When released, the staff at Variety magazine gave the film a mixed review, and wrote:

Ex-Look photographer Stanley Kubrick turned out Killer's Kiss on the proverbial shoestring. Kiss was more than a warm-up for Kubrick's talents, for not only did he co-produce but he directed, photographed and edited the venture from his own screenplay [originally written by Howard Sackler] and original story...Kubrick's low-key lensing occasionally catches the flavor of the seamy side of Gotham life. His scenes of tawdry Broadway, gloomy tenements and grotesque brick-and-stone structures that make up Manhattan's downtown eastside loft district help offset the script's deficiencies.

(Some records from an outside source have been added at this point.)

lemma (in prob_space) AE_eventually_expectation_minus_powr_less_sum:
  fixes X :: "nat \<Rightarrow> 'a \<Rightarrow> real"
  assumes indep: "indep_vars (\<lambda>_. borel) X {1..}"
    and bounded: "\<And>m \<omega>. m \<ge> 1 \<Longrightarrow> \<omega> \<in> space M \<Longrightarrow> \<bar>X m \<omega>\<bar> \<le> L"
    and "0 < L" "1/2 < p" "0 < \<epsilon>"
  shows "AE \<omega> in M. eventually (\<lambda>n.
           (\<Sum>m=1..n. expectation (X m)) - \<epsilon> * real n powr p < (\<Sum>m=1..n. X m \<omega>)) sequentially"
proof -
  define C where "C = \<epsilon>\<^sup>2 / (2 * L\<^sup>2)"
  have "0 < C"
    using \<open>0 < L\<close> \<open>0 < \<epsilon>\<close> by (simp add: C_def)
  define A where "A n = {\<omega> \<in> space M.
      (\<Sum>m=1..n. X m \<omega>) \<le> (\<Sum>m=1..n. expectation (X m)) - \<epsilon> * real n powr p}" for n
  have "random_variable borel (X m)" if "m \<in> {1..}" for m
    using indep that unfolding indep_vars_def by blast
  then have [measurable]: "(\<lambda>\<omega>. \<Sum>m=1..n. X m \<omega>) \<in> borel_measurable M" for n
    by (intro borel_measurable_sum) auto
  have A_sets [measurable]: "A n \<in> sets M" for n
    unfolding A_def by measurable
  have summable_exp: "summable (\<lambda>n. exp (- C * real n powr (2 * p - 1)))"
  proof (rule summable_comparison_test_bigo)
    show "summable (\<lambda>n. norm (1 / real n ^ 2))"
      using inverse_power_summable[of 2, where 'a=real] by (simp add: divide_inverse)
    show "(\<lambda>n. exp (- C * real n powr (2 * p - 1))) \<in> O(\<lambda>n. 1 / real n ^ 2)"
      using \<open>0 < C\<close> \<open>1/2 < p\<close> by real_asymp
  qed
  have prob_A: "prob (A n) \<le> exp (- C * real n powr (2 * p - 1))" if "n \<ge> 1" for n
    using prob_sum_le_expectation_minus_powr[OF indep bounded \<open>0 < L\<close> less_imp_le[OF \<open>0 < \<epsilon>\<close>] that,
                                              where p = p]
    unfolding A_def C_def .
  have "summable (\<lambda>n. prob (A n))"
    by (rule summable_comparison_test'[OF summable_exp, of 1]) (use prob_A in simp)
  then have "AE \<omega> in M. eventually (\<lambda>n. \<omega> \<in> space M - A n) sequentially"
    by (intro borel_cantelli_AE1) (auto simp: less_top[symmetric])
  then show ?thesis
  proof eventually_elim
    case (elim \<omega>)
    then show ?case
    proof (rule eventually_mono)
      fix n assume "\<omega> \<in> space M - A n"
      then show "(\<Sum>m=1..n. expectation (X m)) - \<epsilon> * real n powr p < (\<Sum>m=1..n. X m \<omega>)"
        by (simp add: A_def not_le)
    qed
  qed
qed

In 1994, New York Times critic Janet Maslin, in her review of a Film Forum double bill featuring Kubrick's first two feature films, concludes her piece with this brief reassessment of Killer's Kiss:

Killer's Kiss brought the director onto more conventional territory, with a film noir plot about a boxer, a gangster and a dance hall girl. Using Times Square and even the subway as his backdrop, Mr. Kubrick worked in an uncharacteristically naturalistic style despite the genre material, with mixed but still fascinating results. The actress playing the dance hall girl, billed as Irene Kane, is the writer Chris Chase, whose work has frequently appeared in The New York Times. Frank Silvera [sic] plays the boxer, whose career is described as 'one long promise without fulfillment.' (Note: Maslin's erroneous substitution of co-star Silvera for the film's leading man, Jamie Smith—indeed, the omission of the latter's name altogether–could not help but underline the irony already inherent in the film's line, "one long promise without fulfillment," as it relates to Smith's decidedly in-like-lion, out-like-lamb professional acting career.) In the case of Mr. Kubrick's own career, the fulfillment came later. But here is the promise.

===Awards===
Wins
- Locarno International Film Festival: Prize, Best Director, Stanley Kubrick; 1959.

===Adaptation===
In 1983 Matthew Chapman directed Strangers Kiss, a film that portrayed the making of Killer's Kiss.

==Home media==

The film was released on DVD and Blu-ray as a special feature of The Criterion Collection's release of Kubrick's The Killing. A 4K UHD Blu-ray was released by Kino Lorber on June 28, 2022.

On June 22, 2026, it was announced that the film would be later re-released on 4K as part of The Criterion Collection's release of The Complete Kubrick box set.